If Covid does indeed follow the pattern of other disasters, we are likely to see a spike in divorces (as well as marriages and births) when matters settle. For some, it may be a reflection of pre-existing problems in the relationship, problems that were easier to avoid with the full spectrum of life’s distractions. Some may walk away because that is their favoured strategy in the face of a crisis, irrespective of how good the relationship is. Others may react by clinging on ever tighter to a sinking ship. However, there are some surprising positives coming out of this global pandemic. Covid has caused delays to court hearings and there is now a backlog and so people who were determined to go to court have been forced to consider more amicable ways to separate their finances. My hope is that this will be a long-term change towards kinder and more cost effective divorces.
The stress effect
The bigger picture can have a huge impact on the detail of our lives. If our mental wellbeing is suffering as much as the statistics suggest (we are now as unhappy as we were during the first lockdown), it will affect everything, from how we think about ourselves to the way we feel about our partners, friends and family, from how we look for love to how we go about keeping it.

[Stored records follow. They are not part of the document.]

(* Let $Z_{1:n}$ be the minimum of an i.i.d. sample of size $n$ from $\mathcal N(0,1)$. For $\theta\in(0,\pi/2)$ let $c_1=\tfrac12-\tfrac{\theta}{\pi}$, $c_2=\tfrac{\cot\theta}{\pi-2\theta}$, and let $\widehat Z_{1:n}\sim\mathcal N(\mu_n,\sigma_n^2)$ with $$\mu_n=-\sqrt{\frac{\log(nc_1)}{c_2}},\qquad \sigma_n^2=\frac{-\log\log 2}{2c_2\big(\log(nc_1)-\log\log 2\big)}.$$ Then there exists an integer $n^*(\theta)$ such that for all $n\ge n^*(\theta)$, $Z_{1:n}\preceq_{\mathrm{st}}\widehat Z_{1:n}$, i.e. $\Pr(Z_{1:n}\ge z)\le\Pr(\widehat Z_{1:n}\ge z)$ for all $z\in\mathbb R$.
   Context: $\log$ denotes the natural logarithm. For real random variables, $A\preceq_{\mathrm{st}}B$ means $\Pr(A\ge z)\le\Pr(B\ge z)$ for all $z\in\mathbb R$. *)

theory Defs
  imports "HOL-Probability.Probability"
begin

definition c1 :: "real \<Rightarrow> real" where
  "c1 \<theta> = 1/2 - \<theta> / pi"

definition c2 :: "real \<Rightarrow> real" where
  "c2 \<theta> = cot \<theta> / (pi - 2 * \<theta>)"

definition mu_n :: "real \<Rightarrow> nat \<Rightarrow> real" where
  "mu_n \<theta> n = - sqrt (ln (real n * c1 \<theta>) / c2 \<theta>)"

definition sigma2_n :: "real \<Rightarrow> nat \<Rightarrow> real" where
  "sigma2_n \<theta> n = - ln (ln 2) / (2 * c2 \<theta> * (ln (real n * c1 \<theta>) - ln (ln 2)))"

end

theory Submission
  imports Defs "HOL-Real_Asymp.Real_Asymp"
begin

text \<open>
  Write \<open>m = -\<mu>\<^sub>n\<close>, \<open>s = \<sigma>\<^sub>n\<close>, \<open>Q(z) = P(N(0,1) \<ge> z)\<close> and \<open>G(z) = P(N(-m,s\<^sup>2) \<ge> z)\<close>;
  by independence the claim is \<open>Q(z)\<^sup>n \<le> G(z)\<close>, and \<open>Q\<close> is bounded using the mass of an interval
  \<open>[z - 1, z)\<close> while \<open>G\<close> is bounded below by the mass of an interval of length \<open>s\<close> or by
  Mills' ratio. Three regimes of \<open>z\<close> arise. For \<open>-m - s \<le> z \<le> 1\<close>, \<open>Q(z)\<^sup>n \<le> exp (-n \<phi>(m + 2))\<close>,
  which is smaller than \<open>\<phi>(K) \<le> G(z)\<close> with \<open>K = (m + 1)/s + 1\<close> because \<open>m\<^sup>2 \<approx> log n / c\<^sub>2\<close> and
  \<open>2 c\<^sub>2 > 1\<close> (this is \<open>tan x > x\<close>). For \<open>z > 1\<close>, \<open>Q(z)\<^sup>n \<le> exp (-n z\<^sup>2/2) \<le> \<phi>(z K) \<le> G(z)\<close>.
  For \<open>z < -m - s\<close>, Mills' ratio gives \<open>G(z) \<ge> 1 - \<phi>(t)\<close> with \<open>t = (-m - z)/s\<close>, while
  \<open>Q(z)\<^sup>n \<le> exp (-n \<phi>(1 - z))\<close>; the variance \<open>\<sigma>\<^sub>n\<^sup>2\<close> is chosen exactly so that completing the
  square in \<open>t\<close> yields \<open>n \<phi>(1 - z) \<ge> 2 \<phi>(t)\<close>, which suffices.
\<close>

abbreviation normal_tail :: "real \<Rightarrow> real \<Rightarrow> real \<Rightarrow> real" where
  "normal_tail m sg z \<equiv> measure (density lborel (normal_density m sg)) {z..}"

section \<open>The Gaussian density\<close>

lemma normal_density_eq_scaled_std:
  assumes "sg > 0"
  shows "normal_density m sg x = std_normal_density ((x - m) / sg) / sg"
proof -
  have "sqrt (2 * pi * sg\<^sup>2) = sqrt (2 * pi) * sg" using assms by (simp add: real_sqrt_mult)
  moreover have "(x - m)\<^sup>2 / (2 * sg\<^sup>2) = ((x - m) / sg)\<^sup>2 / 2" using assms by (simp add: power_divide)
  ultimately show ?thesis unfolding normal_density_def using assms by simp
qed

lemma normal_density_reflect: "normal_density m sg (2 * m - x) = normal_density m sg x"
  unfolding normal_density_def by (simp add: power2_commute)

lemma std_normal_density_antimono_abs:
  assumes "\<bar>x\<bar> \<le> \<bar>y\<bar>"
  shows "std_normal_density y \<le> std_normal_density x"
proof -
  have "x\<^sup>2 \<le> y\<^sup>2" using assms by (metis abs_le_square_iff)
  then show ?thesis unfolding std_normal_density_def by (simp add: divide_right_mono)
qed

lemma std_normal_density_le_exp: "std_normal_density x \<le> exp (- x\<^sup>2 / 2)"
proof -
  have "1 \<le> sqrt (2 * pi)" using pi_gt3 by simp
  then show ?thesis unfolding std_normal_density_def by (simp add: divide_le_eq_1 field_simps)
qed

lemma std_normal_density_le_half: "std_normal_density x \<le> 1 / 2"
proof -
  have "2 \<le> sqrt (2 * pi)" using pi_gt3 by (simp add: real_le_rsqrt)
  then have "1 / sqrt (2 * pi) \<le> 1 / 2" by (simp add: frac_le)
  moreover have "exp (- x\<^sup>2 / 2) \<le> 1" by simp
  ultimately have "(1 / sqrt (2 * pi)) * exp (- x\<^sup>2 / 2) \<le> 1 / 2 * 1"
    by (intro mult_mono) auto
  then show ?thesis unfolding std_normal_density_def by simp
qed

lemma exp_neg_le_std_normal_density:
  assumes "w\<^sup>2 / 2 + 4 \<le> y"
  shows "exp (- y) \<le> std_normal_density w"
proof -
  have "ln (sqrt (2 * pi)) \<le> sqrt (2 * pi) - 1" by (rule ln_le_minus_one) (simp add: pi_gt_zero)
  moreover have "sqrt (2 * pi) \<le> 5" using pi_less_4 by (simp add: real_sqrt_le_iff real_le_lsqrt)
  ultimately have "ln (sqrt (2 * pi)) \<le> y - w\<^sup>2 / 2" using assms by linarith
  then have "sqrt (2 * pi) \<le> exp (y - w\<^sup>2 / 2)"
    by (metis exp_le_cancel_iff exp_ln pi_gt_zero real_sqrt_gt_zero mult_pos_pos zero_less_numeral)
  then have "exp (- w\<^sup>2 / 2) / exp (y - w\<^sup>2 / 2) \<le> exp (- w\<^sup>2 / 2) / sqrt (2 * pi)"
    by (intro divide_left_mono) (auto simp: pi_gt_zero)
  moreover have "exp (- y) = exp (- w\<^sup>2 / 2) / exp (y - w\<^sup>2 / 2)" by (simp add: exp_diff[symmetric])
  ultimately show ?thesis unfolding std_normal_density_def by simp
qed

lemma normal_density_has_real_derivative:
  assumes "sg > 0"
  shows "(normal_density m sg has_real_derivative - (x - m) / sg\<^sup>2 * normal_density m sg x) (at x)"
proof -
  have "((\<lambda>x. exp (- (x - m)\<^sup>2 / (2 * sg\<^sup>2))) has_real_derivative
      exp (- (x - m)\<^sup>2 / (2 * sg\<^sup>2)) * (- (x - m) / sg\<^sup>2)) (at x)"
    using assms by (auto intro!: derivative_eq_intros simp: field_simps power2_eq_square)
  from DERIV_cmult[OF this, of "1 / sqrt (2 * pi * sg\<^sup>2)"]
  show ?thesis unfolding normal_density_def[abs_def] by (simp add: ac_simps)
qed

lemma normal_density_tendsto_zero_at_top:
  assumes "sg > 0"
  shows "(normal_density m sg \<longlongrightarrow> 0) at_top"
  unfolding normal_density_def[abs_def] using assms by real_asymp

And that impact is likely to stick around. The psychological effects of the SARS epidemic are thought to have lasted for years. Thankfully, there is some hope. Thanks to Covid, we might become kinder as a country, or at least, that is what 61% of people questioned by the ONS hope will be the case. So perhaps we will be more compassionate than we would otherwise have been when, long after the vaccines have been rolled out, many will still be grieving multiple losses.
In it together
Studies show that people often value relationships more and have better relationships as a result after difficult experiences, from depression to diabetes, HIV to heart disease. So it is unsurprising that research has found that couples now value their partner’s kindness, commitment and support more than they did before the pandemic and according to Bumble, 55% of singletons now want more meaningful relationships.
Whatever your relationship status, UCL research confirms what we have known for years, staying connected is one of the best ways to protect your mental health. And that is true of the tens of thousands of people involved in the study during Covid. The problem, of course, is that at a time when we need them most, connections can be hard to make or maintain. My hope is that as we reflect on what is important and what we have been deprived of during the pandemic, we will value relationships more, both as individuals and as a society. Love is not found, it is built and, to be built, it needs to be recognised, respected and prioritised.